Budgeted Interpreter: Gas for Your API

· 7 min read

Budgeted Interpreter: Gas for Your API

What if your API had gas limits like Ethereum?

Not arbitrary rate limits. Not “429 Too Many Requests” after the fact. But semantic metering that tracks what operations cost and stops execution before you exceed your budget.

And when you run out of gas? Your resources clean themselves up.

The Problem with Traditional Rate Limiting

// Traditional: Count requests
if (user.requestCount > 100) {
  return 429; // Too bad, so sad
}

// But what about...
// - A request that opens 50 database connections?
// - A request that reads 10GB from disk?
// - A request that spawns 1000 subprocesses?

One request is not like another. A “get user profile” is not the same as “export entire database.”

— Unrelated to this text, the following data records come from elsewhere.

(* Let $d\ge 2$, $0<r<1$, $\rho>0$, and let $\mu$ be the uniform probability measure on the unit sphere $S^{d-1}\subset\mathbb{R}^d$. Let $k(x,y)=\mathbf 1(\|x-y\|\le r)$ (Euclidean distance). Fix $x_0\in S^{d-1}$, let $M^s=\{y\in S^{d-1}:\|y-x_0\|\le r\}$, and let $v_0:S^{d-1}\to[0,1]$ be the unique measurable map with $v_0=1$ on $M^s$ and, for $x\in S^{d-1}\setminus M^s$, $$v_0(x)=\frac{\int_{M^s}k(x,y)d\mu(y)+\int_{S^{d-1}\setminus M^s}v_0(y)k(x,y)d\mu(y)}{\rho+\int_{S^{d-1}}k(x,y)d\mu(y)}.$$ Let $\angle(x,x')=\arccos\langle x,x'\rangle$ and let $r'\in[0,\pi]$ be the angle $\angle(x,x')$ for points with $\|x-x'\|=r$. Then there exists a function $f:[0,\pi]\to[0,1]$ such that (1) $v_0(x)=f(\angle(x_0,x))$ for all $x\in S^{d-1}$, and (2) $f(\theta)>f(\theta')$ for all $\theta,\theta'\in[0,\pi]$ with $\theta'>\theta+r'$.
   Context: $v_0$ is called the grounded voltage function centered at $x_0$ with ground weight $\rho$, source radius $r$ and disk kernel of bandwidth $r$. *)

theory Defs
  imports "HOL-Analysis.Analysis"
begin

text \<open>Uniform probability measure on the unit sphere of a Euclidean space:
  the push-forward of the normalised Lebesgue measure on the unit ball under the
  radial projection x \<mapsto> x / norm x (the point 0 has measure zero).
  This is the rotation-invariant probability measure on the sphere, i.e. the
  normalised surface measure.  It lives on the Borel sets of the ambient space
  and is concentrated on sphere 0 1.\<close>
definition sphere_unif :: "'a::euclidean_space measure" where
  "sphere_unif = distr (uniform_measure lborel (ball 0 1)) borel (\<lambda>x. x /\<^sub>R norm x)"

definition disk_kernel :: "real \<Rightarrow> 'a::euclidean_space \<Rightarrow> 'a \<Rightarrow> real" where
  "disk_kernel r x y = (if dist x y \<le> r then 1 else 0)"

definition sph_angle :: "'a::euclidean_space \<Rightarrow> 'a \<Rightarrow> real" where
  "sph_angle x x' = arccos (x \<bullet> x')"

end

theory Submission
  imports Defs "HOL-Probability.Probability"
begin

text \<open>Reflections H in hyperplanes through the origin preserve the uniform measure on the sphere
  and the disk kernel k. Take such a hyperplane with x0 on its closed positive side and put
  G y = v0 y - v0 (H y). Off the source, the defining equation and the symmetry under H give
  2 (\<rho> + K z) G z = \<integral> G y (k z y - k (H z) y) dy with K z = \<integral> k z y dy, and the kernel
  difference is nonnegative when z and y are both on the positive side. So the infimum m of G on
  the positive half-sphere satisfies m \<ge> min m 0 / (1 + \<rho>), whence G \<ge> 0: v0 can only decrease
  under such a reflection. Reflections in hyperplanes containing x0 show that v0 depends only on the
  angle to x0, and reflections exchanging two points of a great circle through x0 show that the
  resulting profile f is nonincreasing.

  For strictness, suppose f is constant on an angular interval longer than r'. The reflection
  exchanging its end points makes the integral above vanish, so its nonnegative integrand vanishes
  almost everywhere. Near the lower end of the level set, however, there is an open piece of the
  sphere on which G > 0 and the kernel difference is 1, and such pieces have positive measure.\<close>

section \<open>Hyperplane reflections\<close>

definition hyperplane_reflection :: "'a::real_inner \<Rightarrow> 'a \<Rightarrow> 'a" where
  "hyperplane_reflection u y = y - (2 * (y \<bullet> u)) *\<^sub>R u"

lemma linear_hyperplane_reflection: "linear (hyperplane_reflection u)"
  unfolding hyperplane_reflection_def by (rule linearI) (auto simp: algebra_simps inner_add_left)

lemma borel_measurable_hyperplane_reflection [measurable]:
  "hyperplane_reflection (u::'a::euclidean_space) \<in> borel_measurable borel"
  unfolding hyperplane_reflection_def by measurable

context
  fixes u :: "'a::real_inner"
  assumes u: "norm u = 1"
begin

lemma hyperplane_reflection_inner:
  "hyperplane_reflection u x \<bullet> hyperplane_reflection u y = x \<bullet> y"
  using u by (simp add: hyperplane_reflection_def norm_eq_1 inner_diff_left inner_diff_right
      algebra_simps inner_commute)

And when you do hit the limit mid-execution, what happens to the resources you’ve already acquired? Traditional rate limiting doesn’t even ask that question.

Event Costs in Koru

In Koru, events have costs. You declare them in scope registration:

~std.runtime:register(scope: "api") {
    get_user(1)           // Cheap: just a lookup
    list_users(10)        // More expensive: pagination
    export_data(100)      // Very expensive: bulk operation
    open_file(10)         // Acquires a resource
    close_file(1)         // Releases it
}

These aren’t arbitrary numbers. They’re relative costs that let you express “this operation costs 100x more than that one.”

Running with a Budget

When you invoke the runtime, you provide a budget:

~std.runtime:run(source: user_code, scope: "api", budget: 1000)
| result r   |> respond_200(body: r.value)
| exhausted e |> respond_429(
    message: "Budget exhausted",
    used: e.used,
    last_event: e.last_event,
    handles: e.handles
)

If the user tries to run code that exceeds their budget, they get exhausted with details:

  • How much budget was consumed
  • Which event pushed them over the limit
  • How many handles are still undischarged after auto-discharge

No ambiguity. No “you made too many requests.” Just “you tried to export_data but only had 50 tokens left and it costs 100.”

Obligations from Phantom Types

Here’s where it gets interesting. Koru has phantom types for compile-time resource tracking:

~pub event open { path: []const u8 }
| opened { file: []const u8[opened!] }    // Creates "opened" obligation (handle ID)

~pub event close { file: []const u8[!opened] }  // Discharges obligation
| closed {}

The [opened!] annotation means “this output creates an obligation.” The [!opened] means “this input discharges one.”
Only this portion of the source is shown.